Une NFS-plaquettes en première intention (renouvelée à 1 mois d’intervalle), puis un myélogramme ou, de préférence, une BOM) avec examen cytologique médullaire, un caryotype sanguin et des examens de biologie moléculaire à la recherche des mutations à valeur pronostique (panel NGS « NMP-Diagnostic-Pronostic ». Ces examens sont indispensables pour confirmer le diagnostic et établir les facteurs pronostiques qui vont conditionner la prise en charge.
L’hémogramme
L’hémogramme est variable (non spécifique). Il montre généralement :
- une anémie normochrome normocytaire (réticulocytes normaux ou légèrement augmentés) due à une hématopoïèse diminuée, une séquestration splénique, voire une hémolyse ;
- une leucocytose variable : GB augmentés (> 100 G/L, surtout à PNN) dans plus de 50% des cas, normaux dans 25% des cas et diminués (leucopénie) dans 25% des cas.
- les plaquettes sont également variables : > 400 G/L dans 30% des cas, normales dans 55% des cas ou < 100 G/L dans 15% des cas.
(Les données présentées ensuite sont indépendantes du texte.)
lemma dirder_add_le:
  assumes cv: "convex_on UNIV \<phi>"
  shows "dirder \<phi> x (a + b) \<le> dirder \<phi> x a + dirder \<phi> x b"
proof (rule field_le_epsilon)
  fix e :: real assume e: "e > 0"
  obtain t1 where t1: "t1 > 0" "diff_quot \<phi> x a t1 < dirder \<phi> x a + e/2"
    using dirder_less_obtains_diff_quot[OF cv, of x a "dirder \<phi> x a + e/2" 1] e by auto
  obtain t2 where t2: "t2 > 0" "diff_quot \<phi> x b t2 < dirder \<phi> x b + e/2"
    using dirder_less_obtains_diff_quot[OF cv, of x b "dirder \<phi> x b + e/2" 1] e by auto
  define t where "t = min t1 t2 / 2"
  have t: "t > 0" "2*t \<le> t1" "2*t \<le> t2"
    using t1 t2 by (auto simp: t_def)
  have "x + t *\<^sub>R (a + b) = (1 - 1/2) *\<^sub>R (x + (2*t) *\<^sub>R a) + (1/2) *\<^sub>R (x + (2*t) *\<^sub>R b)"
    by (simp add: algebra_simps flip: scaleR_add_left)
  then have "\<phi> (x + t *\<^sub>R (a + b)) \<le> (1/2) * \<phi> (x + (2*t) *\<^sub>R a) + (1/2) * \<phi> (x + (2*t) *\<^sub>R b)"
    using convex_onD[OF cv, of "1/2" "x + (2*t) *\<^sub>R a" "x + (2*t) *\<^sub>R b"] by simp
  then have "diff_quot \<phi> x (a + b) t \<le> diff_quot \<phi> x a (2*t) + diff_quot \<phi> x b (2*t)"
    using t unfolding diff_quot_def by (simp add: divide_simps)
  moreover have "diff_quot \<phi> x a (2*t) \<le> diff_quot \<phi> x a t1" "diff_quot \<phi> x b (2*t) \<le> diff_quot \<phi> x b t2"
    using diff_quot_mono[OF cv] t by auto
  ultimately show "dirder \<phi> x (a + b) \<le> dirder \<phi> x a + dirder \<phi> x b + e"
    using dirder_le_diff_quot[OF cv t(1), of x "a + b"] t1 t2 by linarith
qed

lemma dirder_add_uminus_nonneg: "convex_on UNIV \<phi> \<Longrightarrow> 0 \<le> dirder \<phi> x h + dirder \<phi> x (- h)"
  using dirder_add_le[of \<phi> x h "-h"] dirder_zero[of \<phi> x] by simp

lemma dirder_le_lipschitz_perturbation:
  assumes cv1: "convex_on UNIV \<phi>" and cv2: "convex_on UNIV \<psi>"
    and L: "\<And>a b. \<bar>(\<psi> a - \<phi> a) - (\<psi> b - \<phi> b)\<bar> \<le> L * norm (a - b)"
  shows "dirder \<psi> x h \<le> dirder \<phi> x h + L * norm h"
proof -
  have "dirder \<psi> x h - L * norm h \<le> dirder \<phi> x h"
  proof (rule dirder_greatest[OF cv1])
    fix t :: real assume t: "t > 0"
    have "\<bar>(\<psi> (x + t *\<^sub>R h) - \<phi> (x + t *\<^sub>R h)) - (\<psi> x - \<phi> x)\<bar> \<le> L * (t * norm h)"
      using L[of "x + t *\<^sub>R h" x] t by simp
    then have "diff_quot \<psi> x h t \<le> diff_quot \<phi> x h t + L * norm h"
      using t unfolding diff_quot_def by (simp add: divide_simps abs_le_iff) (simp add: algebra_simps)
    then show "dirder \<psi> x h - L * norm h \<le> diff_quot \<phi> x h t"
      using dirder_le_diff_quot[OF cv2 t, of x h] by linarith
  qed
  then show ?thesis by linarith
qed

lemma dirder_le_of_touching_above:
  assumes cv1: "convex_on UNIV \<phi>" and cv2: "convex_on UNIV \<psi>"
    and le: "\<And>y. \<phi> y \<le> \<psi> y" and eq: "\<phi> x = \<psi> x"
  shows "dirder \<phi> x h \<le> dirder \<psi> x h"
proof (rule dirder_greatest[OF cv2])
  fix t :: real assume t: "t > 0"
  have "diff_quot \<phi> x h t \<le> diff_quot \<psi> x h t"
    unfolding diff_quot_def using le[of "x + t *\<^sub>R h"] eq t by (simp add: divide_right_mono)
  then show "dirder \<phi> x h \<le> diff_quot \<psi> x h t"
    using dirder_le_diff_quot[OF cv1 t, of x h] by linarith
qed

section \<open>Steepest slopes and small subgradients\<close>

lemma bdd_below_dirder_sphere:
  fixes \<phi> :: "'a::euclidean_space \<Rightarrow> real"
  assumes cv: "convex_on UNIV \<phi>"
  shows "bdd_below ((\<lambda>h. dirder \<phi> x h) ` sphere 0 1)"
proof -
  have "continuous_on (cball x 1) \<phi>"
    using convex_on_continuous[OF open_UNIV cv] continuous_on_subset by blast
  then obtain m where m: "\<And>y. y \<in> cball x 1 \<Longrightarrow> \<phi> y \<le> \<phi> m"
    using continuous_attains_sup[of "cball x 1" \<phi>] by (metis compact_cball cball_eq_empty not_one_less_zero)
  show ?thesis
  proof (rule bdd_belowI2[where m="\<phi> x - \<phi> m"])
    fix h :: 'a assume "h \<in> sphere 0 1"
    then have "\<phi> (x - h) \<le> \<phi> m" using m by (simp add: dist_norm)
    then show "\<phi> x - \<phi> m \<le> dirder \<phi> x h"
      using dirder_ge_backward_diff[OF cv, of x h] by linarith
  qed
qed

lemma mindir_le_dirder:
  fixes \<phi> :: "'a::euclidean_space \<Rightarrow> real"
  assumes cv: "convex_on UNIV \<phi>" and h: "norm h = 1"
  shows "mindir \<phi> x \<le> dirder \<phi> x h"
  unfolding mindir_def by (rule cINF_lower[OF bdd_below_dirder_sphere[OF cv]]) (use h in simp)

lemma mindir_less_obtains_dirder:
  fixes \<phi> :: "'a::euclidean_space \<Rightarrow> real"
  assumes "mindir \<phi> x < a"
  obtains h where "norm h = 1" "dirder \<phi> x h < a"
  using cInf_lessD[of "(\<lambda>h. dirder \<phi> x h) ` sphere 0 1" a] assms
  unfolding mindir_def by (auto simp: sphere_eq_empty)

lemma mindir_mult_norm_le_dirder:
  fixes \<phi> :: "'a::euclidean_space \<Rightarrow> real"
  assumes cv: "convex_on UNIV \<phi>"
  shows "mindir \<phi> x * norm h \<le> dirder \<phi> x h"
proof (cases "h = 0")
  case True
  then show ?thesis by (simp add: dirder_zero[OF cv])
next
  case False
  have "mindir \<phi> x * norm h \<le> dirder \<phi> x (h /\<^sub>R norm h) * norm h"
    using mindir_le_dirder[OF cv, of "h /\<^sub>R norm h"] False by (simp add: mult_right_mono)
  also have "\<dots> = dirder \<phi> x h"
    using dirder_scaleR[OF cv, of "norm h" x "h /\<^sub>R norm h"] False by simp
  finally show ?thesis .
qed

lemma convex_on_mindir_le:
  fixes \<phi> :: "'a::euclidean_space \<Rightarrow> real"
  assumes cv: "convex_on UNIV \<phi>"
  shows "\<phi> x + mindir \<phi> x * norm (y - x) \<le> \<phi> y"
  using convex_on_dirder_le[OF cv, of 1 x "y - x"] mindir_mult_norm_le_dirder[OF cv, of x "y - x"]
  by simp

lemma mindir_le_zero_of_eq:
  fixes \<phi> :: "'a::euclidean_space \<Rightarrow> real"
  assumes cv: "convex_on UNIV \<phi>" and "\<phi> x = \<phi> y" "x \<noteq> y"
  shows "mindir \<phi> x \<le> 0"
  using convex_on_mindir_le[OF cv, of x y] assms(2,3) by (simp add: mult_le_0_iff)

lemma convex_strict_hypograph_neg_norm:
  fixes s :: real
  assumes s: "s \<ge> 0"
  shows "convex {p :: 'a::real_normed_vector \<times> real. snd p < - s * norm (fst p)}"
  unfolding convex_def
proof (clarsimp)
  fix h1 h2 :: 'a and r1 r2 u v :: real
  assume h: "r1 < - (s * norm h1)" "r2 < - (s * norm h2)" and uv: "0 \<le> u" "0 \<le> v" "u + v = 1"
  have "u * r1 + v * r2 < - s * (u * norm h1 + v * norm h2)"
  proof (cases "u = 0")
    case False
    then have "u * r1 < u * (- s * norm h1)" using h uv by (intro mult_strict_left_mono) auto
    moreover have "v * r2 \<le> v * (- s * norm h2)" using h uv by (intro mult_left_mono) auto
    ultimately show ?thesis by (simp add: algebra_simps)
  qed (use h uv in simp)
  also have "\<dots> \<le> - s * norm (u *\<^sub>R h1 + v *\<^sub>R h2)"
    using norm_triangle_ineq[of "u *\<^sub>R h1" "v *\<^sub>R h2"] uv s by (simp add: mult_left_mono)
  finally show "u * r1 + v * r2 < - (s * norm (u *\<^sub>R h1 + v *\<^sub>R h2))" by simp
qed

text \<open>A hyperplane separating the epigraph of \<open>\<phi> - \<phi> x\<close> (moved to the origin) from the strict
  hypograph of \<open>-s \<parallel>\<cdot>\<parallel>\<close> cannot be vertical; its slope is a subgradient of norm at most \<open>s\<close>.\<close>

lemma separating_hyperplane_imp_subgradient:
  fixes \<phi> :: "'a::real_inner \<Rightarrow> real"
  assumes s: "s \<ge> 0" and a: "(a, \<alpha>) \<noteq> 0"
    and E: "\<And>h r. \<phi> (x + h) - \<phi> x \<le> r \<Longrightarrow> a \<bullet> h + \<alpha> * r \<le> b"
    and T: "\<And>h r. r < - s * norm h \<Longrightarrow> b \<le> a \<bullet> h + \<alpha> * r"
  obtains w where "norm w \<le> s" "\<And>y. \<phi> x + w \<bullet> (y - x) \<le> \<phi> y"
proof -
  have "b \<le> 0"
  proof (rule ccontr)
    assume "\<not> b \<le> 0"
    moreover have "b \<le> - \<alpha>"
      using T[of "-1" 0] by simp
    ultimately show False
      using T[of "- b / (- 2 * \<alpha>)" 0] by (simp add: field_simps)
  qed
  then have b: "b = 0"
    using E[of 0 0] by simp
  have "\<alpha> \<noteq> 0"
  proof
    assume "\<alpha> = 0"
    then have "a \<bullet> a \<le> 0"
      using E[of a "\<phi> (x + a) - \<phi> x"] b by simp
    with \<open>\<alpha> = 0\<close> a show False
      by (auto simp: zero_prod_def dest: inner_gt_zero_iff[THEN iffD2])
  qed
  with T[of "-1" 0] b have \<alpha>: "\<alpha> < 0"
    by simp
  define w where "w = (1 / - \<alpha>) *\<^sub>R a"
  have w_le: "w \<bullet> h \<le> \<phi> (x + h) - \<phi> x" for h
    using E[of h "\<phi> (x + h) - \<phi> x"] b \<alpha> by (simp add: w_def divide_simps algebra_simps)
  have w_ge: "- s * norm h \<le> w \<bullet> h" for h
  proof (rule ccontr)
    assume "\<not> ?thesis"
    then have "(w \<bullet> h + - s * norm h) / 2 < - s * norm h" "w \<bullet> h < (w \<bullet> h + - s * norm h) / 2"
      by auto
    with T[of "(w \<bullet> h + - s * norm h) / 2" h] b \<alpha> show False
      by (simp add: w_def divide_simps algebra_simps)
  qed
  show ?thesis
  proof
    have "norm w * norm w \<le> s * norm w"
      using w_ge[of "- w"] by (simp add: dot_square_norm power2_eq_square)
    then show "norm w \<le> s"
      using s by (cases "w = 0") (auto simp: mult_le_cancel_right_pos)
    show "\<phi> x + w \<bullet> (y - x) \<le> \<phi> y" for y
      using w_le[of "y - x"] by simp
  qed
qed

lemma convex_on_subgradient_norm_le:
  fixes \<phi> :: "'a::euclidean_space \<Rightarrow> real"
  assumes cv: "convex_on UNIV \<phi>" and s: "s \<ge> 0"
    and low: "\<And>y. \<phi> x - s * norm (y - x) \<le> \<phi> y"
  obtains w where "norm w \<le> s" "\<And>y. \<phi> x + w \<bullet> (y - x) \<le> \<phi> y"
proof -
  define T :: "('a \<times> real) set" where "T = {p. snd p < - s * norm (fst p)}"
  define E where "E = (+) (- x, - \<phi> x) ` epigraph UNIV \<phi>"
  have E: "(h, r) \<in> E \<longleftrightarrow> \<phi> (x + h) - \<phi> x \<le> r" for h r
    unfolding E_def image_iff
    by (auto simp: mem_epigraph algebra_simps intro!: bexI[of _ "(x + h, r + \<phi> x)"])
  have "convex E"
    unfolding E_def by (intro convex_translation convex_epigraphI cv)
  moreover have "convex T"
    unfolding T_def by (rule convex_strict_hypograph_neg_norm[OF s])
  moreover have "E \<inter> T = {}"
  proof -
    have "(h, r) \<notin> T" if "(h, r) \<in> E" for h r
      using that low[of "x + h"] by (simp add: E T_def)
    then show ?thesis by auto
  qed
  moreover have "(0, 0) \<in> E" "(0, -1) \<in> T"
    by (simp_all add: E T_def)
  ultimately obtain n b where "n \<noteq> 0" "\<forall>p\<in>E. n \<bullet> p \<le> b" "\<forall>p\<in>T. b \<le> n \<bullet> p"
    using separating_hyperplane_sets[of E T] by blast
  moreover obtain a \<alpha> where "n = (a, \<alpha>)"
    by (cases n)
  ultimately have "(a, \<alpha>) \<noteq> 0"
    and "\<phi> (x + h) - \<phi> x \<le> r \<Longrightarrow> a \<bullet> h + \<alpha> * r \<le> b"
    and "r < - s * norm h \<Longrightarrow> b \<le> a \<bullet> h + \<alpha> * r" for h r
    using E[of h r] by (auto simp: T_def inner_Pair)
  then show thesis
    using that by (rule separating_hyperplane_imp_subgradient[OF s])
qed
Sur le frottis sanguin, il existe de nombreuses anomalies, non spécifiques :
- myélémie modérée (5-15%) avec éventuellement, de rares blastes ;
- érythroblastes (2 – 20%), dont la présence est liée à l’érythropoïèse extra-médullaire ;
- anomalies importantes des GR : anisocytose, dacryocytes (fibrose), ponctuations basophiles +/- anneaux de Cabot ;
- anomalies des plaquettes : macroplaquettes hypo- ou dégranulées, micromégacaryocytes ou noyaux nus de mégacaryocytes circulants.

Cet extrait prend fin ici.